» WHAT TO PRODUCE
For each line in the data below that has the word "assumes", copy that line.

» INFORMATION GIVEN
►

lemma l2norm_mat_apply_le:
  assumes a: "bounded_op a" and f: "l2 f"
  shows "l2norm (mat_apply a f) \<le> op_norm a * l2norm f"
proof (cases "l2norm f = 0")
  case True
  then have "f = (\<lambda>_. 0)" using norm_le_l2norm[OF f] by fastforce
  then show ?thesis by (simp add: mat_apply_def l2norm_zero)
next
  case False
  define L where "L = l2norm f"
  have L: "L > 0" using False l2norm_nonneg[of f] unfolding L_def by auto
  define g where "g = (\<lambda>y. complex_of_real (1/L) * f y)"
  have g_le: "cmod (g x) \<le> (1/L) * cmod (f x)" for x
    using L by (simp add: g_def norm_divide)
  have g: "l2 g" "l2norm g \<le> 1"
    using l2_dominated[OF f g_le] L unfolding L_def by auto
  have "mat_apply a f = (\<lambda>x. complex_of_real L * mat_apply a g x)"
    using L unfolding g_def mat_apply_cmult by (simp add: of_real_def)
  then have "l2norm (mat_apply a f) \<le> L * l2norm (mat_apply a g)"
    using l2_dominated(2)[OF bounded_opD(1)[OF a g(1)], of "mat_apply a f" L] L by (simp add: norm_mult)
  also have "\<dots> \<le> L * op_norm a"
    using l2norm_mat_apply_le_op_norm[OF a g] L by simp
  finally show ?thesis unfolding L_def by (simp add: mult.commute)
qed

lemma norm_entry_le_op_norm:
  assumes a: "bounded_op a"
  shows "cmod (a x y) \<le> op_norm a"
proof -
  define e where "e = (\<lambda>z. if z = y then 1 else 0 :: complex)"
  have e_sq: "(\<lambda>z. (cmod (e z))^2) = (\<lambda>z. if z = y then 1 else 0)"
    by (auto simp: e_def)
  have "(\<lambda>z. if z = y then 1 else 0 :: real) summable_on UNIV"
    by (rule summable_on_finite_support[of "{y}"]) auto
  moreover have "infsum (\<lambda>z. if z = y then 1 else 0 :: real) UNIV = 1"
    by (subst infsum_finite_support[of "{y}"]) auto
  ultimately have e: "l2 e" "l2norm e = 1"
    unfolding l2_def l2norm_def e_sq by simp_all
  have "mat_apply a e x = a x y"
    unfolding mat_apply_def by (subst infsum_finite_support[of "{y}"]) (auto simp: e_def)
  then have "cmod (a x y) \<le> l2norm (mat_apply a e)"
    using norm_le_l2norm[OF bounded_opD(1)[OF a e(1)], of x] by simp
  also have "\<dots> \<le> op_norm a"
    using l2norm_mat_apply_le_op_norm[OF a e(1)] e(2) by simp
  finally show ?thesis .
qed

lemma bounded_op_diag_mult:
  assumes a: "bounded_op a" and u: "\<And>x. cmod (u x) \<le> U" and v: "\<And>y. cmod (v y) \<le> V"
  shows "bounded_op (\<lambda>x y. u x * a x y * v y)"
    and "op_norm (\<lambda>x y. u x * a x y * v y) \<le> U * V * op_norm a"
proof -
  have U: "U \<ge> 0" and V: "V \<ge> 0"
    using u v by (meson norm_ge_zero order_trans)+
  have bound: "(\<forall>x. (\<lambda>y. u x * a x y * v y * f y) summable_on UNIV) \<and>
      l2 (mat_apply (\<lambda>x y. u x * a x y * v y) f) \<and>
      l2norm (mat_apply (\<lambda>x y. u x * a x y * v y) f) \<le> U * V * op_norm a * l2norm f"
    if f: "l2 f" for f
  proof -
    define g where "g y = v y * f y" for y
    have g_le: "cmod (g y) \<le> V * cmod (f y)" for y
      unfolding g_def norm_mult by (rule mult_right_mono[OF v]) simp
    have g: "l2 g" "l2norm g \<le> V * l2norm f"
      by (rule l2_dominated[OF f g_le V])+
    have entries: "u x * a x y * v y * f y = u x * (a x y * g y)" for x y
      by (simp add: g_def algebra_simps)
    have rows: "(\<lambda>y. u x * a x y * v y * f y) summable_on UNIV" for x
      unfolding entries by (intro summable_on_cmult_right bounded_opD(2)[OF a g(1)])
    have m: "mat_apply (\<lambda>x y. u x * a x y * v y) f = (\<lambda>x. u x * mat_apply a g x)"
      unfolding mat_apply_def entries by (simp add: infsum_cmult_right')
    have ug_le: "cmod (u x * mat_apply a g x) \<le> U * cmod (mat_apply a g x)" for x
      unfolding norm_mult by (rule mult_right_mono[OF u]) simp
    note ug = l2_dominated[OF bounded_opD(1)[OF a g(1)] ug_le U]
    have "l2norm (\<lambda>x. u x * mat_apply a g x) \<le> U * l2norm (mat_apply a g)"
      by (rule ug(2))
    also have "\<dots> \<le> U * (op_norm a * l2norm g)"
      using l2norm_mat_apply_le[OF a g(1)] U by (rule mult_left_mono)
    also have "\<dots> \<le> U * (op_norm a * (V * l2norm f))"
      using g(2) U op_norm_nonneg[OF a] by (intro mult_left_mono) auto
    finally show ?thesis using rows ug(1) m by (simp add: algebra_simps)
  qed
  then show "bounded_op (\<lambda>x y. u x * a x y * v y)"
    and "op_norm (\<lambda>x y. u x * a x y * v y) \<le> U * V * op_norm a"
    using bounded_opI[OF bound] U V op_norm_nonneg[OF a] by simp_all
qed

lemma bounded_op_add:
  assumes a: "bounded_op a" and b: "bounded_op b"
  shows "bounded_op (\<lambda>x y. a x y + b x y)"
    and "op_norm (\<lambda>x y. a x y + b x y) \<le> op_norm a + op_norm b"
proof -
  have bound: "(\<forall>x. (\<lambda>y. (a x y + b x y) * f y) summable_on UNIV) \<and> l2 (mat_apply (\<lambda>x y. a x y + b x y) f) \<and>
      l2norm (mat_apply (\<lambda>x y. a x y + b x y) f) \<le> (op_norm a + op_norm b) * l2norm f"
    if f: "l2 f" for f
  proof -
    note ra = bounded_opD(2)[OF a f] and rb = bounded_opD(2)[OF b f]
    have rows: "(\<lambda>y. (a x y + b x y) * f y) summable_on UNIV" for x
      using summable_on_add[OF ra rb] by (simp add: distrib_right)
    have m: "mat_apply (\<lambda>x y. a x y + b x y) f = (\<lambda>x. mat_apply a f x + mat_apply b f x)"
      unfolding mat_apply_def using infsum_add[OF ra rb] by (simp add: distrib_right)
    note la = bounded_opD(1)[OF a f] and lb = bounded_opD(1)[OF b f]
    have "l2norm (mat_apply (\<lambda>x y. a x y + b x y) f) \<le> l2norm (mat_apply a f) + l2norm (mat_apply b f)"
      unfolding m by (rule l2_add(2)[OF la lb])
    also have "\<dots> \<le> (op_norm a + op_norm b) * l2norm f"
      using l2norm_mat_apply_le[OF a f] l2norm_mat_apply_le[OF b f] by (simp add: distrib_right)
    finally show ?thesis using rows m l2_add(1)[OF la lb] by auto
  qed
  then show "bounded_op (\<lambda>x y. a x y + b x y)"
    and "op_norm (\<lambda>x y. a x y + b x y) \<le> op_norm a + op_norm b"
    using bounded_opI[OF bound] op_norm_nonneg[OF a] op_norm_nonneg[OF b] by simp_all
qed

lemma bounded_op_diff:
  assumes "bounded_op a" "bounded_op b"
  shows "bounded_op (\<lambda>x y. a x y - b x y)"
  using bounded_op_add(1)[OF assms(1) bounded_op_diag_mult(1)[OF assms(2), of "\<lambda>_. -1" 1 "\<lambda>_. 1" 1]]
  by simp

lemma op_norm_zero: "op_norm (\<lambda>x y. 0) = 0"
proof -
  have "mat_apply (\<lambda>x y. 0) f = (\<lambda>_. 0)" for f :: "'a \<Rightarrow> complex"
    by (simp add: mat_apply_def)
  then have zero_bound: "(\<forall>x. (\<lambda>y. 0 * f y) summable_on UNIV) \<and> l2 (mat_apply (\<lambda>x y. 0) f) \<and>
      l2norm (mat_apply (\<lambda>x y. 0) f) \<le> 0 * l2norm f" for f :: "'a \<Rightarrow> complex"
    by (simp add: l2_zero l2norm_zero)
  note zero_op = bounded_opI[OF zero_bound order_refl]
  show ?thesis using op_norm_nonneg[OF zero_op(1)] zero_op(2) by simp
qed

section \<open>Band matrices on uniformly locally finite spaces\<close>

lemma mat_apply_band:
  assumes band: "\<And>x y. a x y \<noteq> 0 \<Longrightarrow> dist x y \<le> r" and fin: "finite (cball x r)"
  shows "(\<lambda>y. a x y * f y) summable_on UNIV"
    and "mat_apply a f x = (\<Sum>y\<in>cball x r. a x y * f y)"
  unfolding mat_apply_def
  by (rule summable_on_finite_support[OF fin] infsum_finite_support[OF fin];
      use band in force)+

lemma band_mat_apply_sq_le:
  assumes band: "\<And>x y. a x y \<noteq> 0 \<Longrightarrow> dist x y \<le> r"
    and fin: "finite (cball x r)" and card: "card (cball x r) \<le> N"
    and entries: "\<And>x y. cmod (a x y) \<le> K"
  shows "(cmod (mat_apply a f x))^2 \<le> K^2 * N * (\<Sum>y\<in>cball x r. (cmod (f y))^2)"
proof -
  have row: "mat_apply a f x = (\<Sum>y\<in>cball x r. a x y * f y)"
    by (rule mat_apply_band(2)[OF band fin])
  have "cmod (mat_apply a f x) \<le> (\<Sum>y\<in>cball x r. K * cmod (f y))"
    unfolding row by (rule order_trans[OF norm_sum sum_mono]) (simp add: norm_mult entries mult_right_mono)
  then have "(cmod (mat_apply a f x))^2 \<le> (\<Sum>y\<in>cball x r. K * cmod (f y))^2"
    by (intro power_mono) auto
  also have "\<dots> \<le> (\<Sum>y\<in>cball x r. (K * cmod (f y))^2) * card (cball x r)"
    by (rule sum_squared_le_sum_of_squares)
  also have "\<dots> \<le> (\<Sum>y\<in>cball x r. (K * cmod (f y))^2) * N"
    using card by (intro mult_left_mono) (auto intro: sum_nonneg)
  finally show ?thesis by (simp add: power_mult_distrib sum_distrib_left mult_ac)
qed

(* Double counting: each y lies in at most N of the balls cball x r with x \<in> F. *)
lemma sum_sum_cball_le:
  fixes g :: "'x::metric_space \<Rightarrow> real"
  assumes F: "finite F" and fin: "\<And>x::'x. finite (cball x r)" and card: "\<And>x::'x. card (cball x r) \<le> N"
    and g: "g summable_on UNIV" "\<And>y. g y \<ge> 0"
  shows "(\<Sum>x\<in>F. \<Sum>y\<in>cball x r. g y) \<le> N * infsum g UNIV"
proof -
  define G where "G = (\<Union>x\<in>F. cball x r)"
  have G: "finite G" unfolding G_def using F fin by auto
  have "(\<Sum>x\<in>F. \<Sum>y\<in>cball x r. g y) = (\<Sum>x\<in>F. \<Sum>y\<in>{y\<in>G. dist x y \<le> r}. g y)"
    by (intro sum.cong) (auto simp: G_def)
  also have "\<dots> = (\<Sum>y\<in>G. \<Sum>x\<in>{x\<in>F. dist x y \<le> r}. g y)"
    by (rule sum.swap_restrict[OF F G])
  also have "\<dots> \<le> (\<Sum>y\<in>G. N * g y)"
  proof (rule sum_mono)
    fix y
    have "{x\<in>F. dist x y \<le> r} \<subseteq> cball y r" by (auto simp: dist_commute)
    then have "card {x\<in>F. dist x y \<le> r} \<le> N"
      using card_mono[OF fin] card[of y] order_trans by blast
    then show "(\<Sum>x\<in>{x\<in>F. dist x y \<le> r}. g y) \<le> N * g y"
      using g(2)[of y] by (simp add: mult_right_mono)
  qed
  also have "\<dots> \<le> N * infsum g UNIV"
    unfolding sum_distrib_left[symmetric] using g by (intro mult_left_mono finite_sum_le_infsum G) auto
  finally show ?thesis .
qed
lemma cheap_plan_or_feasible_dual:
  "(\<exists>\<eta>. plan \<eta> \<and> cost \<eta> \<le> E \<and> (\<forall>a\<in>A. (\<Sum>x\<in>S. \<Sum>y\<in>S. \<eta> x y * u a y) \<le> V)) \<or>
   (\<exists>\<pi> lam \<xi>. (\<forall>a\<in>A. 0 \<le> \<pi> a) \<and> dual_feasible \<pi> lam \<xi> \<and> (\<Sum>a\<in>A. \<pi> a) * V < dual_value lam \<xi>)"
proof -
  \<comment> \<open>rows: \<open>Inl x\<close> is the marginal at \<open>x\<close>, \<open>Inr None\<close> the budget,
    \<open>Inr (Some a)\<close> the payoff of action \<open>a\<close>\<close>
  define J :: "('b + 'c option) set" where "J = S <+> insert None (Some ` A)"
  define L :: "('b + 'c option) set" where "L = Inr ` insert None (Some ` A)"
  define a :: "'b \<times> 'b \<Rightarrow> 'b + 'c option \<Rightarrow> real" where
    "a z j = (case z of (x, y) \<Rightarrow>
       (case j of Inl x' \<Rightarrow> of_bool (x' = x) | Inr None \<Rightarrow> c x y | Inr (Some b) \<Rightarrow> u b y))" for z j
  define b :: "'b + 'c option \<Rightarrow> real" where
    "b j = (case j of Inl x \<Rightarrow> \<sigma> x | Inr None \<Rightarrow> E | Inr (Some _) \<Rightarrow> V)" for j
  have sum_J: "(\<Sum>j\<in>J. f j) = (\<Sum>x\<in>S. f (Inl x)) + f (Inr None) + (\<Sum>b\<in>A. f (Inr (Some b)))" for f
    using finite_S finite_A by (simp add: J_def sum.Plus sum.reindex add.assoc)
  have sum_pairs: "(\<Sum>z\<in>S \<times> S. f z) = (\<Sum>x\<in>S. \<Sum>y\<in>S. f (x, y))" for f :: "'b \<times> 'b \<Rightarrow> real"
    by (simp add: sum.cartesian_product)
  have "finite (S \<times> S)" "finite J" "L \<subseteq> J"
    using finite_S finite_A by (auto simp: J_def L_def)
  from farkas_cone_inequalities[OF this, where a = a and b = b] show ?thesis
  proof (elim disjE exE conjE)
    fix \<mu> assume \<mu>: "\<forall>z\<in>S \<times> S. 0 \<le> \<mu> z" "\<forall>j\<in>L. (\<Sum>z\<in>S \<times> S. \<mu> z * a z j) \<le> b j"
      "\<forall>j\<in>J - L. (\<Sum>z\<in>S \<times> S. \<mu> z * a z j) = b j"
    define \<eta> where "\<eta> x y = \<mu> (x, y)" for x y
    have "(\<Sum>y\<in>S. \<eta> x y) = \<sigma> x" if "x \<in> S" for x
      using \<mu>(3)[rule_format, of "Inl x"] that finite_S
      by (simp add: J_def L_def sum_pairs a_def b_def \<eta>_def InlI image_iff flip: sum_distrib_right)
    then have "plan \<eta>"
      using \<mu>(1) by (simp add: plan_def \<eta>_def)
    moreover have "cost \<eta> \<le> E"
      using \<mu>(2)[rule_format, of "Inr None"] by (simp add: L_def sum_pairs a_def b_def cost_def \<eta>_def)
    moreover have "(\<Sum>x\<in>S. \<Sum>y\<in>S. \<eta> x y * u b y) \<le> V" if "b \<in> A" for b
      using \<mu>(2)[rule_format, of "Inr (Some b)"] that by (simp add: L_def sum_pairs a_def b_def \<eta>_def)
    ultimately show ?thesis by blast
  next
    fix w assume w: "\<forall>j\<in>L. 0 \<le> w j" "\<forall>z\<in>S \<times> S. 0 \<le> (\<Sum>j\<in>J. w j * a z j)"
      "(\<Sum>j\<in>J. w j * b j) < 0"
    define \<pi> where "\<pi> b = w (Inr (Some b))" for b
    define lam where "lam = w (Inr None)"
    define \<xi> where "\<xi> x = - w (Inl x)" for x
    have "dual_feasible \<pi> lam \<xi>"
      unfolding dual_feasible_def
    proof (intro conjI ballI)
      show "0 \<le> lam"
        using w(1) by (simp add: L_def lam_def)
      fix x y assume "x \<in> S" "y \<in> S"
      then have "0 \<le> (\<Sum>j\<in>J. w j * a (x, y) j)"
        using w(2) by blast
      also have "\<dots> = - \<xi> x + lam * c x y + payoff \<pi> y"
        using \<open>x \<in> S\<close> finite_S
        by (simp add: sum_J a_def \<pi>_def lam_def \<xi>_def payoff_def mult.commute of_bool_def
            if_distrib[of "\<lambda>z. _ * z"] cong: if_cong)
      finally show "\<xi> x - lam * c x y \<le> payoff \<pi> y"
        by simp
    qed
    moreover have "\<forall>b\<in>A. 0 \<le> \<pi> b"
      using w(1) by (simp add: L_def \<pi>_def)
    moreover have "(\<Sum>j\<in>J. w j * b j) = (\<Sum>b\<in>A. \<pi> b) * V - dual_value lam \<xi>"
      by (simp add: sum_J b_def \<pi>_def lam_def \<xi>_def dual_value_def sum_distrib_left sum_negf
          mult.commute)
    ultimately show ?thesis
      using w(3) by force
  qed
qed

lemma minimax_plan:
  assumes best: "\<forall>\<pi>. is_mixed A \<pi> \<longrightarrow> robust_payoff \<pi> \<le> robust_payoff p"
  shows "\<exists>\<eta>. plan \<eta> \<and> cost \<eta> \<le> E \<and> (\<forall>a\<in>A. (\<Sum>x\<in>S. \<Sum>y\<in>S. \<eta> x y * u a y) \<le> robust_payoff p)"
  using cheap_plan_or_feasible_dual[of "robust_payoff p"]
proof (elim disjE exE conjE)
  fix \<pi> lam \<xi> assume "\<forall>a\<in>A. 0 \<le> \<pi> a" "dual_feasible \<pi> lam \<xi>"
    "(\<Sum>a\<in>A. \<pi> a) * robust_payoff p < dual_value lam \<xi>"
  with scaled_dual_value_le_best_response[OF best] show ?thesis
    by fastforce
qed blast

lemma plan_payoff_of_action_slacks:
  assumes "\<forall>a\<in>A. \<omega> a + \<kappa> + (\<Sum>x\<in>S. \<Sum>y\<in>S. \<eta> x y * u a y) = 0" "(\<Sum>a\<in>A. \<pi> a) = 1"
  shows "(\<Sum>x\<in>S. \<Sum>y\<in>S. \<eta> x y * payoff \<pi> y) = - (\<Sum>a\<in>A. \<pi> a * \<omega> a) - \<kappa>"
proof -
  have "(\<Sum>x\<in>S. \<Sum>y\<in>S. \<eta> x y * payoff \<pi> y) = (\<Sum>a\<in>A. \<pi> a * (- \<omega> a - \<kappa>))"
    unfolding plan_payoff_by_action using assms(1) by (intro sum.cong) (auto simp: eq_neg_iff_add_eq_0)
  also have "\<dots> = - (\<Sum>a\<in>A. \<pi> a * \<omega> a) - \<kappa> * (\<Sum>a\<in>A. \<pi> a)"
    by (simp add: algebra_simps sum_subtractf sum_distrib_left sum_negf)
  finally show ?thesis
    using assms(2) by simp
qed
(* Let $(X,<)$ be a linearly ordered set and define relations on $\beta X$ by $u\trianglelefteq v\iff (u\,\tilde\le\,v\ \vee\ v\,\tilde\ge\,u)$ and $u\equiv v\iff(u\trianglelefteq v\wedge v\trianglelefteq u)$. Then for all $u,v\in\beta X$, $$u\trianglelefteq v\iff\mathrm{supp}(u)\le\mathrm{supp}(v),\qquad u\equiv v\iff\mathrm{supp}(u)=\mathrm{supp}(v).$$ Hence $\trianglelefteq$ is a linear pre-order on $\beta X$, $\equiv$ is an equivalence relation, and the quotient $\beta X/\!\equiv$ with the induced linear order is isomorphic (via $[u]\mapsto\mathrm{supp}(u)$) to the set $s(X)$ of supports of ultrafilters over $X$ with its natural order.
   Context: $\beta X$ is the set of ultrafilters over $X$; $\tilde x=\{S\subseteq X:x\in S\}$. For a binary relation $R$ on $X$, $u\,\tilde R\,v\iff\{x\in X:\{y\in X:x\,R\,y\}\in v\}\in u$. $I_u=\bigcap\{I\in u: I\text{ initial segment of }X\}$, $J_u=\bigcap\{J\in u: J\text{ final segment of }X\}$; for non-principal $u$ exactly one of $I_u\in u$, $J_u\in u$ holds. Supports: $\mathrm{supp}(\tilde x)=\{x\}$; for non-principal $u$, $\mathrm{supp}(u)$ is $I_u$ regarded as a left half-cut if $I_u\in u$, and $J_u$ regarded as a right half-cut if $J_u\in u$; supports are equal iff of the same kind and equal as sets. $s(X)$ is the set of all such supports (all points $\{x\}$, all nonempty initial segments without greatest element as left half-cuts, all nonempty final segments without least element as right half-cuts). Natural linear order on $s(X)$: $\{x\}<\{y\}$ iff $x<y$; $\{x\}<I$ iff $x\in I$, $I<\{x\}$ iff $x\notin I$; $\{x\}<J$ iff $x\notin J$, $J<\{x\}$ iff $x\in J$; $I<I'$ iff $I\subsetneq I'$; $J<J'$ iff $J\supsetneq J'$; $I<J$ iff $I\cap J=\emptyset$, $J<I$ iff $I\cap J\ne\emptyset$; $\le$ is its reflexive version. *)

theory Defs
  imports Main
begin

◄

» TASK SOLUTION
  assumes a: "bounded_op a" and f: "l2 f"
  assumes a: "bounded_op a"
  assumes a: "bounded_op a" and u: "\<And>x. cmod (u x) \<le> U" and v: "\<And>y. cmod (v y) \<le> V"
  assumes a: "bounded_op a" and b: "bounded_op b"
  assumes "bounded_op a" "bounded_op b"
  assumes band: "\<And>x y. a x y \<noteq> 0 \<Longrightarrow> dist x y \<le> r" and fin: "finite (cball x r)"
  assumes band: "\<And>x y. a x y \<noteq> 0 \<Longrightarrow> dist x y \<le> r"
  assumes F: "finite F" and fin: "\<And>x::'x. finite (cball x r)" and card: "\<And>x::'x. card (cball x r) \<le> N"
  assumes best: "\<forall>\<pi>. is_mixed A \<pi> \<longrightarrow> robust_payoff \<pi> \<le> robust_payoff p"
  assumes "\<forall>a\<in>A. \<omega> a + \<kappa> + (\<Sum>x\<in>S. \<Sum>y\<in>S. \<eta> x y * u a y) = 0" "(\<Sum>a\<in>A. \<pi> a) = 1"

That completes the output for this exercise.